It's been so long since I posted a post. But I'm really really too busy to adapt with new school life and everything. In RP, its a must to do reflection journal, evaluation, and quiz daily. What's worst is that we have to complete them before 2359.
Getting up in the morning is already a chore for me.
530 - 6 wake up
6 - 645 bathe and get ready
645 - 715 pack and get ready to leave house
latest by 715 must leave house otherwise 80% confirm late
8 - 805 reach woodlands
805 - 825 either take bus or walk to school, but usually take bus heh.
Beginning thanks to some of my new classmates, they made me feel homely despite in a new environment. But now, I guess things changed. Changed way way way too fast. I know. Things change and so do people. But this time, it happened way too fast. We're still in 1.1 and have yet to change class, but the situation I predicted in the future is already happening now.
It saddens me loads. But other than accepting it and move on, what else can I do.
"It hurts to move on. But it hurts even more to stay."
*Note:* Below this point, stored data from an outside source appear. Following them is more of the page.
(* For any three continuous functions $f_1,f_2,f_3:\mathrm{SO}(4)\to S^3\times S^3$, there exists a rotation $R\in\mathrm{SO}(4)$ such that $d_4(R,\mathbf{R}_{QQ}(f_i(R)))\ge\pi$ for all $i\in\{1,2,3\}$.
   Context: Identify $\mathbb{R}^4$ with the quaternions via $(w,x,y,z)\leftrightarrow w+x\mathbf{i}+y\mathbf{j}+z\mathbf{k}$; $S^3$ is the set of unit quaternions. For $(\mathbf{q}_L,\mathbf{q}_R)\in S^3\times S^3$, $\mathbf{R}_{QQ}(\mathbf{q}_L,\mathbf{q}_R)\in\mathrm{SO}(4)$ is the rotation $\mathbf{p}\mapsto\mathbf{q}_L\mathbf{p}\mathbf{q}_R$; every element of $\mathrm{SO}(4)$ is of this form, and $(\mathbf{q}_L,\mathbf{q}_R)$ is determined up to replacing it by $(-\mathbf{q}_L,-\mathbf{q}_R)$. For unit quaternions let $d_Q(\mathbf{p},\mathbf{q})=\cos^{-1}(\mathbf{p}\cdot\mathbf{q})$ (Euclidean dot product in $\mathbb{R}^4$). The distance between $R_1=\mathbf{R}_{QQ}(\mathbf{p}_L,\mathbf{p}_R)$ and $R_2=\mathbf{R}_{QQ}(\mathbf{q}_L,\mathbf{q}_R)$ is $d_4(R_1,R_2)=\min\{a+b,2\pi-a-b\}+|a-b|$ where $a=d_Q(\mathbf{p}_L,\mathbf{q}_L)$, $b=d_Q(\mathbf{p}_R,\mathbf{q}_R)$; this is independent of the choice of representatives and equals $|\theta|+|\phi|$ where $e^{\pm i\theta},e^{\pm i\phi}$ are the eigenvalues of $R_2R_1^{-1}$ with $\theta\in[0,\pi]$, $|\theta|\ge|\phi|$. *)

theory Defs
  imports "HOL-Analysis.Analysis"
begin

text \<open>R^4 identified with the quaternions: (w,x,y,z) = w + x i + y j + z k,
  stored as components 1,2,3,4 of a vector in real^4.\<close>

definition qmult :: "real^4 \<Rightarrow> real^4 \<Rightarrow> real^4" where
  "qmult p q = vector
     [p$1*q$1 - p$2*q$2 - p$3*q$3 - p$4*q$4,
      p$1*q$2 + p$2*q$1 + p$3*q$4 - p$4*q$3,
      p$1*q$3 - p$2*q$4 + p$3*q$1 + p$4*q$2,
      p$1*q$4 + p$2*q$3 - p$3*q$2 + p$4*q$1]"

definition S3 :: "(real^4) set" where
  "S3 = sphere 0 1"

definition SO4 :: "(real^4^4) set" where
  "SO4 = {A. rotation_matrix A}"

definition RQQ :: "(real^4) \<times> (real^4) \<Rightarrow> real^4^4" where
  "RQQ q = matrix (\<lambda>p. qmult (qmult (fst q) p) (snd q))"

definition dQ :: "real^4 \<Rightarrow> real^4 \<Rightarrow> real" where
  "dQ p q = arccos (p \<bullet> q)"

definition d4q :: "(real^4) \<times> (real^4) \<Rightarrow> (real^4) \<times> (real^4) \<Rightarrow> real" where
  "d4q p q = (let a = dQ (fst p) (fst q); b = dQ (snd p) (snd q)
              in min (a + b) (2*pi - a - b) + \<bar>a - b\<bar>)"

text \<open>Distance on SO(4), computed from (arbitrarily chosen) representatives;
  by the context it does not depend on the choice.\<close>
definition d4 :: "real^4^4 \<Rightarrow> real^4^4 \<Rightarrow> real" where
  "d4 R1 R2 = d4q (SOME p. p \<in> S3 \<times> S3 \<and> RQQ p = R1)
                  (SOME q. q \<in> S3 \<times> S3 \<and> RQQ q = R2)"

end

theory Submission
  imports Defs "HOL-Homology.Homology"
begin

text \<open>For \<open>p \<in> S\<^sup>3\<close> put \<open>R = R\<^sub>Q\<^sub>Q(p, p) \<in> SO(4)\<close>. Since \<open>R\<^sub>Q\<^sub>Q(-p, -p) = R\<^sub>Q\<^sub>Q(p, p)\<close>, the map
  \<open>p \<mapsto> (p \<bullet> fst (f\<^sub>i R))\<^sub>i\<close> is an odd continuous map \<open>S\<^sup>3 \<rightarrow> \<real>\<^sup>3\<close>, so by Borsuk--Ulam it vanishes
  at some \<open>p\<close>. If \<open>(a, b)\<close> represents \<open>f\<^sub>i R\<close>, then \<open>(p \<bullet> a) (p \<bullet> b) = 0\<close>: the angles
  \<open>d\<^sub>Q(p, a)\<close> and \<open>d\<^sub>Q(p, b)\<close> lie on different sides of \<open>\<pi>/2\<close>, which forces \<open>d\<^sub>4 \<ge> \<pi>\<close>.
  The representatives of a rotation are unique up to sign, because the Frobenius inner product of
  \<open>R\<^sub>Q\<^sub>Q(a, b)\<close> and \<open>R\<^sub>Q\<^sub>Q(c, d)\<close> is \<open>4 (a \<bullet> c) (b \<bullet> d)\<close>, and \<open>d\<^sub>4\<close> is invariant under
  these sign changes.

  Borsuk--Ulam for \<open>S\<^sup>3 \<rightarrow> \<real>\<^sup>3\<close> is derived from the parity of degrees of odd maps: a
  nonvanishing odd map can be approximated by an odd polynomial map, the cone over the image of a
  great circle is negligible and hence misses a line, and flattening along that line yields an
  odd map \<open>S\<^sup>3 \<rightarrow> S\<^sup>2\<close> that sends the great circle into a great circle. Such a map would have
  odd degree as a self-map of \<open>S\<^sup>3\<close>, although it is not surjective.\<close>

section \<open>Quaternion multiplication and the rotations \<open>RQQ\<close>\<close>

lemma vector4_nth [simp]:
  "(vector [a, b, c, d] :: 'a::zero^4) $ 1 = a"
  "(vector [a, b, c, d] :: 'a^4) $ 2 = b"
  "(vector [a, b, c, d] :: 'a^4) $ 3 = c"
  "(vector [a, b, c, d] :: 'a^4) $ 4 = d"
  unfolding vector_def by simp_all

lemma qmult_nth [simp]:
  "qmult p q $ 1 = p$1*q$1 - p$2*q$2 - p$3*q$3 - p$4*q$4"
  "qmult p q $ 2 = p$1*q$2 + p$2*q$1 + p$3*q$4 - p$4*q$3"
  "qmult p q $ 3 = p$1*q$3 - p$2*q$4 + p$3*q$1 + p$4*q$2"
  "qmult p q $ 4 = p$1*q$4 + p$2*q$3 - p$3*q$2 + p$4*q$1"
  by (simp_all add: qmult_def)

lemma inner_vec4: "(x::real^4) \<bullet> y = x$1*y$1 + x$2*y$2 + x$3*y$3 + x$4*y$4"
  by (simp add: inner_vec_def sum_4)

lemma norm_vec4: "norm (x::real^4) = sqrt (x$1^2 + x$2^2 + x$3^2 + x$4^2)"
  by (simp add: norm_eq_sqrt_inner inner_vec4 power2_eq_square)

lemma norm_qmult: "norm (qmult p q) = norm p * norm q"
proof -
  have "(qmult p q $ 1)^2 + (qmult p q $ 2)^2 + (qmult p q $ 3)^2 + (qmult p q $ 4)^2
      = (p$1^2 + p$2^2 + p$3^2 + p$4^2) * (q$1^2 + q$2^2 + q$3^2 + q$4^2)"
    by (simp add: power2_eq_square algebra_simps)
  then show ?thesis
    by (simp add: norm_vec4 real_sqrt_mult)
qed

lemma linear_qmult_both: "linear (\<lambda>x. qmult (qmult a x) b)"
  by (rule linearI) (simp_all add: vec_eq_iff forall_4 algebra_simps)

lemma axis4_eq_vector:
  "axis 1 1 = (vector [1, 0, 0, 0] :: real^4)"
  "axis 2 1 = (vector [0, 1, 0, 0] :: real^4)"
  "axis 3 1 = (vector [0, 0, 1, 0] :: real^4)"
  "axis 4 1 = (vector [0, 0, 0, 1] :: real^4)"
  by (simp_all add: vec_eq_iff forall_4 axis_def)

lemma RQQ_nth: "RQQ (a, b) $ i $ j = qmult (qmult a (axis j 1)) b $ i"
  by (simp add: RQQ_def matrix_def)

lemma frobenius_inner_RQQ:
  "(\<Sum>i\<in>UNIV. \<Sum>j\<in>UNIV. RQQ (a, b) $ i $ j * RQQ (c, d) $ i $ j) = 4 * (a \<bullet> c) * (b \<bullet> d)"
  unfolding RQQ_nth sum_4 inner_vec4 axis4_eq_vector by (simp add: algebra_simps)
"Put on a smile and continue walking."
That's the only two options I have.
But still, I really miss the first two weeks of time we spent with each other. It'll always be my best poly memory. The bond we had together, it's unbreakable. But now, nothing's unbreakable.
Typing this post while listening to high school musical's gotta go my own way. Damn. Feel like crying all over again. But I'm surrounded by public *control*
(PS. I know some readers may think that its stupid for me to cry over such small matters, but if you're me, you'll know how these little things matters to me. I'm a human, I have feelings and emotions.)
We'll all go our separate ways in the end, I know. But I'll always remember you guys and miss you.
our web camming sessions
I'll post more soon. The more recent ones. HEH.